### Input data ###

lemma f_eq_m: "f y = m"
proof -
  have "f y - m + L y \<le> \<epsilon>" if "0 < \<epsilon>" for \<epsilon>
  proof -
    obtain Y where "y \<le> Y" "f Y - m + L Y \<le> \<epsilon>"
      using small_gap_point_exists[OF \<open>0 < \<epsilon>\<close>] by metis
    have "0 \<le> (Y - y) * (Phi 0 + c * m)"
      using slope_nonneg \<open>y \<le> Y\<close> by simp
    also have "\<dots> \<le> (Y - y) * Phi 0 + c * (F Y - F y)"
      using mult_left_mono[OF F_increment_ge[OF \<open>y \<le> Y\<close>], of c] c_pos by (simp add: algebra_simps)
    also have "\<dots> = (f Y - m + L Y) - (f y - m + L y)"
      using gap_plus_L_increment[OF \<open>y \<le> Y\<close>] by simp
    finally show ?thesis
      using \<open>f Y - m + L Y \<le> \<epsilon>\<close> by linarith
  qed
  then have "f y - m + L y \<le> 0"
    by (meson dense not_le)
  then show ?thesis
    using m_le[of y] L_nonneg[of y] by linarith
qed

end

end

theorem lemma3p3:
  fixes f f' f'' :: "real \<Rightarrow> real" and c lam T_M :: real
  assumes c_pos: "c > 0"
    and lam: "0 < lam" "lam \<le> T_M"
    and d1: "\<And>y. (f has_real_derivative f' y) (at y)"
    and d2: "\<And>y. (f' has_real_derivative f'' y) (at y)"
    and cont2: "continuous_on UNIV f''"
    and eq: "\<And>y. f'' y - c * f' y - (f y) ^ 4
                 = - integral UNIV (\<lambda>\<eta>. E (y - \<eta>) * (f \<eta>) ^ 4)"
    and bounds: "\<And>y. lam \<le> f y \<and> f y \<le> T_M"
  shows "(\<exists>C. \<forall>y. f y = C) \<or>
         Liminf at_top (\<lambda>y. ereal (f y)) > ereal (Inf (range f))"
proof (rule disjCI)
  interpret wave_profile f f' f'' c lam T_M
    using assms by unfold_locales auto
  assume "\<not> Liminf at_top (\<lambda>y. ereal (f y)) > ereal (Inf (range f))"
  then have "Liminf at_top (\<lambda>y. ereal (f y)) \<le> ereal m"
    by (simp add: m_def not_less)
  then have "\<exists>Y\<ge>N. f Y - m < \<delta>" if "0 < \<delta>" for \<delta> N
    using frequently_below_if_Liminf_le[OF _ that] by force
  then show "\<exists>C. \<forall>y. f y = C"
    using f_eq_m by blast
qed

end
theorem lemmaD:
  fixes q K :: real
  assumes "q \<ge> 1" and "K > 0"
  shows "\<exists>C. \<forall>(d::nat) (k::nat) (N::nat) U W b S a (M :: (nat \<Rightarrow> real) measure)
              (\<sigma> :: real \<Rightarrow> real) L \<epsilon> \<zeta> r_b r_a.
     ( k \<ge> 1 \<and> orthonormal_rows k d U
     \<and> (\<forall>j<N. vnorm d (W j) = 1) \<and> r_b \<ge> 0 \<and> (\<forall>j<N. \<bar>b j\<bar> \<le> r_b)
     \<and> S \<subseteq> {..<N}
     \<and> (\<forall>j\<in>S. (vnorm d (\<lambda>i. proj_U k d U (W j) i - W j i))\<^sup>2 \<le> 2 * \<zeta>)
     \<and> (\<forall>j. j \<notin> S \<longrightarrow> a j = 0) \<and> vnorm N a \<le> r_a / sqrt (real (card S))
     \<and> prob_space M
     \<and> (\<forall>i<d. integrable M (\<lambda>x. x i) \<and> (\<integral>x. x i \<partial>M) = 0)
     \<and> vec_psi2_norm d M \<le> ereal K
     \<and> PL_cond \<sigma> q L \<and> \<epsilon> \<ge> 0 )
     \<longrightarrow> (\<integral>\<^sup>+ x. ennreal (SUP \<delta>\<in>dball d \<epsilon>.
              (net N d \<sigma> a (projW k d U W) b (\<lambda>i. x i + \<delta> i) - net N d \<sigma> a W b (\<lambda>i. x i + \<delta> i))\<^sup>2) \<partial>M)
         \<le> ennreal (C * L\<^sup>2 * r_a\<^sup>2 * (1 + npow r_b (2 * (q - 1)) + npow \<epsilon> (2 * (q - 1)))
                     * (1 + \<epsilon>\<^sup>2) * \<zeta>)"
proof -
  have "K < 2 * K" using \<open>K > 0\<close> by simp
  obtain C0 where "0 \<le> C0" and C0: "\<And>A B Y. 0 \<le> A \<Longrightarrow> 0 \<le> B \<Longrightarrow> 0 \<le> Y \<Longrightarrow>
      ((npow A (q - 1))\<^sup>2 + (npow B (q - 1))\<^sup>2 + 1) * (Y\<^sup>2 + 1)
        \<le> C0 * (exp ((A / (2 * K))\<^sup>2) + exp ((B / (2 * K))\<^sup>2) + exp ((Y / (2 * K))\<^sup>2))"
    using poly_le_exp_sum[of "q - 1" "2 * K"] assms by auto
  show ?thesis
    by (intro exI[of _ "576 * (npow 3 (q - 1))\<^sup>2 * C0"] allI impI, elim conjE)
      (rule nn_integral_robust_sq_gap_le[OF \<open>q \<ge> 1\<close> \<open>K < 2 * K\<close> \<open>0 \<le> C0\<close> C0,
          unfolded robust_sq_gap_def];
        auto intro: borel_measurable_integrable)
qed

end
lemma phi_act_definable: "definable_fun S (n + m) XG phi_act"
proof (rule definable_funI[OF XG_subset])
  let ?K = "n + m + 1"
  \<comment> \<open>Variables: the point in 0..n-1, the group element in n..n+m-1, the value in n+m and
    act g x in the remaining n coordinates.\<close>
  have "definable_pred S (?K + n) (\<lambda>v.
      tcat (m + n) (tcat m (block n m v) (block 0 n v)) (block ?K n v) \<in> act_graph \<and>
      block ?K n v \<in> X \<and> \<phi> (block ?K n v) = v (n + m))"
    by (intro definable_pred_conj definable_pred_block3_mem[OF act_graph_in_S]
        definable_pred_graph[OF \<phi>_definable X_subset]) auto
  then have "definable_pred S ?K (\<lambda>v. block n m v \<in> G \<and> block 0 n v \<in> X \<and>
      \<phi> (act (block n m v) (block 0 n v)) = v (n + m))"
  proof (rule definable_pred_bex_Fn)
    fix v :: "nat \<Rightarrow> 'a"
    have "(\<exists>y\<in>Fn n. (g \<in> G \<and> x \<in> X \<and> act g x = y) \<and> y \<in> X \<and> \<phi> y = t) \<longleftrightarrow>
        g \<in> G \<and> x \<in> X \<and> \<phi> (act g x) = t" for g x t
      using act_closed X_subset by blast
    then show "(block n m v \<in> G \<and> block 0 n v \<in> X \<and> \<phi> (act (block n m v) (block 0 n v)) = v (n + m)) =
        (\<exists>y\<in>Fn n. tcat (m + n) (tcat m (block n m (tcat ?K v y)) (block 0 n (tcat ?K v y)))
            (block ?K n (tcat ?K v y)) \<in> act_graph \<and>
          block ?K n (tcat ?K v y) \<in> X \<and> \<phi> (block ?K n (tcat ?K v y)) = tcat ?K v y (n + m))"
      by (simp add: tcat_in_act_graph_iff cong: bex_cong)
  qed
  then show "definable_pred S (n + m + 1)
      (\<lambda>v. block 0 (n + m) v \<in> XG \<and> phi_act (block 0 (n + m) v) = v (n + m))"
    by (rule definable_pred_cong) (auto simp: XG_def phi_act_def)
qed

text \<open>R is the class of admissible lower bounds: it is used with R c = True, to get some lower
  bound, and with R c = (s < c), to get strict lower bounds.\<close>
lemma orbit_tube_lemma:
  assumes R_definable: "definable_pred S 1 (\<lambda>w. R (w 0))" and R_nonempty: "\<exists>c. R c"
    and R_min: "\<And>c1 c2. R c1 \<Longrightarrow> R c2 \<Longrightarrow> R (min c1 c2)"
    and x0: "x0 \<in> X"
    and local: "\<And>y. y \<in> XG \<Longrightarrow> restrict y {..<n} = x0 \<Longrightarrow>
      \<exists>e>0. \<exists>c. R c \<and> (\<forall>z\<in>XG. in_box (n + m) y e z \<longrightarrow> c \<le> phi_act z)"
  shows "\<exists>e>0. \<exists>c. R c \<and> (\<forall>g\<in>G. \<forall>x\<in>X. in_box n x0 e x \<longrightarrow> c \<le> \<phi> (act g x))"
proof -
  interpret T: tube_setting S "n + m" XG phi_act R a b n e0
    by unfold_locales
      (use dc e0 XG_in_S XG_closed phi_act_definable R_definable R_nonempty R_min ab XG_bounded in auto)
  have "\<exists>e>0. \<exists>c. R c \<and> (\<forall>z\<in>XG. in_box n x0 e z \<longrightarrow> c \<le> phi_act z)"
    using x0 X_subset local by (intro T.tube_lemma[of n m x0]) (auto simp: T.locally_bounded_def)
  then obtain e c where "0 < e" "R c" "\<forall>z\<in>XG. in_box n x0 e z \<longrightarrow> c \<le> phi_act z"
    by blast
  with tcat_in_XG phi_act_tcat show ?thesis
    by (metis in_box_tcat_left order_refl)
qed
text \<open>A map f on formal sums induces a (well-defined) bijection
  (M \<otimes> N)/E \<rightarrow> (M' \<otimes> N')/E'.\<close>
definition induces_bij ::
  "('k::comm_ring_1, 'a) kmod \<Rightarrow> ('k, 'b) kmod \<Rightarrow> (('a \<times> 'b) \<times> ('a \<times> 'b)) set \<Rightarrow>
   ('k, 'c) kmod \<Rightarrow> ('k, 'd) kmod \<Rightarrow> (('c \<times> 'd) \<times> ('c \<times> 'd)) set \<Rightarrow>
   (('a \<times> 'b) list \<Rightarrow> ('c \<times> 'd) list) \<Rightarrow> bool" where
  "induces_bij M N E M' N' E' f \<longleftrightarrow>
     (\<forall>xs. in_tens M N xs \<longrightarrow> in_tens M' N' (f xs)) \<and>
     (\<forall>xs ys. in_tens M N xs \<longrightarrow> in_tens M N ys \<longrightarrow>
        (tens_eq M N E xs ys \<longleftrightarrow> tens_eq M' N' E' (f xs) (f ys))) \<and>
     (\<forall>zs. in_tens M' N' zs \<longrightarrow> (\<exists>xs. in_tens M N xs \<and> tens_eq M' N' E' (f xs) zs))"

record ('x, 'k, 'm) kcat =
  hom :: "'x \<Rightarrow> 'x \<Rightarrow> ('k, 'm) kmod"
  comp :: "'x \<Rightarrow> 'x \<Rightarrow> 'x \<Rightarrow> 'm \<Rightarrow> 'm \<Rightarrow> 'm"   \<comment> \<open>comp x y z a b = ab for a \<in> A_xy, b \<in> A_yz\<close>
  ident :: "'x \<Rightarrow> 'm"

definition klinear_category :: "('x, 'k::comm_ring_1, 'm) kcat \<Rightarrow> bool" where
  "klinear_category A \<longleftrightarrow>
     (\<forall>x y. kmodule (hom A x y)) \<and>
     (\<forall>x y z. \<forall>a\<in>carr (hom A x y). \<forall>b\<in>carr (hom A y z). comp A x y z a b \<in> carr (hom A x z)) \<and>
     (\<forall>x y z. \<forall>a\<in>carr (hom A x y). \<forall>a'\<in>carr (hom A x y). \<forall>b\<in>carr (hom A y z).
        comp A x y z (addm (hom A x y) a a') b = addm (hom A x z) (comp A x y z a b) (comp A x y z a' b)) \<and>
     (\<forall>x y z. \<forall>a\<in>carr (hom A x y). \<forall>b\<in>carr (hom A y z). \<forall>b'\<in>carr (hom A y z).
        comp A x y z a (addm (hom A y z) b b') = addm (hom A x z) (comp A x y z a b) (comp A x y z a b')) \<and>
     (\<forall>x y z c. \<forall>a\<in>carr (hom A x y). \<forall>b\<in>carr (hom A y z).
        comp A x y z (smul (hom A x y) c a) b = smul (hom A x z) c (comp A x y z a b) \<and>
        comp A x y z a (smul (hom A y z) c b) = smul (hom A x z) c (comp A x y z a b)) \<and>
     (\<forall>x y z w. \<forall>a\<in>carr (hom A x y). \<forall>b\<in>carr (hom A y z). \<forall>d\<in>carr (hom A z w).
        comp A x z w (comp A x y z a b) d = comp A x y w a (comp A y z w b d)) \<and>
     (\<forall>x. ident A x \<in> carr (hom A x x)) \<and>
     (\<forall>x y. \<forall>a\<in>carr (hom A x y). comp A x x y (ident A x) a = a \<and> comp A x y y a (ident A y) = a)"

definition kcoalgebra :: "('k::comm_ring_1, 'm) kmod \<Rightarrow> ('m \<Rightarrow> ('m \<times> 'm) list) \<Rightarrow> ('m \<Rightarrow> 'k) \<Rightarrow> bool" where
  "kcoalgebra M \<Delta> \<epsilon> \<longleftrightarrow>
     kmodule M \<and>
     (\<forall>a\<in>carr M. in_tens M M (\<Delta> a)) \<and>
     (\<forall>a\<in>carr M. \<forall>b\<in>carr M. tens_eq M M {} (\<Delta> (addm M a b)) (\<Delta> a @ \<Delta> b)) \<and>
     (\<forall>c. \<forall>a\<in>carr M. tens_eq M M {} (\<Delta> (smul M c a)) (map (\<lambda>(u, v). (smul M c u, v)) (\<Delta> a))) \<and>
     (\<forall>a\<in>carr M. \<forall>b\<in>carr M. \<epsilon> (addm M a b) = \<epsilon> a + \<epsilon> b) \<and>
     (\<forall>c. \<forall>a\<in>carr M. \<epsilon> (smul M c a) = c * \<epsilon> a) \<and>
     (\<forall>a\<in>carr M. tens3_eq M M M
        (concat (map (\<lambda>(u, v). map (\<lambda>(p, q). (p, q, v)) (\<Delta> u)) (\<Delta> a)))
        (concat (map (\<lambda>(u, v). map (\<lambda>(p, q). (u, p, q)) (\<Delta> v)) (\<Delta> a)))) \<and>
     (\<forall>a\<in>carr M. msum M (map (\<lambda>(u, v). smul M (\<epsilon> u) v) (\<Delta> a)) = a \<and>
                 msum M (map (\<lambda>(u, v). smul M (\<epsilon> v) u) (\<Delta> a)) = a)"

definition semi_hopf_category ::
  "('x, 'k::comm_ring_1, 'h) kcat \<Rightarrow> ('x \<Rightarrow> 'x \<Rightarrow> 'h \<Rightarrow> ('h \<times> 'h) list) \<Rightarrow> ('x \<Rightarrow> 'x \<Rightarrow> 'h \<Rightarrow> 'k) \<Rightarrow> bool" where
  "semi_hopf_category H \<Delta> \<epsilon> \<longleftrightarrow>
     klinear_category H \<and>
     (\<forall>x y. kcoalgebra (hom H x y) (\<Delta> x y) (\<epsilon> x y)) \<and>
     (\<forall>x y z. \<forall>h\<in>carr (hom H x y). \<forall>h'\<in>carr (hom H y z).
        tens_eq (hom H x z) (hom H x z) {} (\<Delta> x z (comp H x y z h h'))
          (concat (map (\<lambda>(u, v). map (\<lambda>(u', v'). (comp H x y z u u', comp H x y z v v')) (\<Delta> y z h')) (\<Delta> x y h)))) \<and>
     (\<forall>x. tens_eq (hom H x x) (hom H x x) {} (\<Delta> x x (ident H x)) [(ident H x, ident H x)]) \<and>
     (\<forall>x y z. \<forall>h\<in>carr (hom H x y). \<forall>h'\<in>carr (hom H y z).
        \<epsilon> x z (comp H x y z h h') = \<epsilon> x y h * \<epsilon> y z h') \<and>
     (\<forall>x. \<epsilon> x x (ident H x) = 1)"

###

#### Work instructions:
Lines of the data above that include the string "kmodule" must each be copied.

#### Written solution:
     (\<forall>x y. kmodule (hom A x y)) \<and>
     kmodule M \<and>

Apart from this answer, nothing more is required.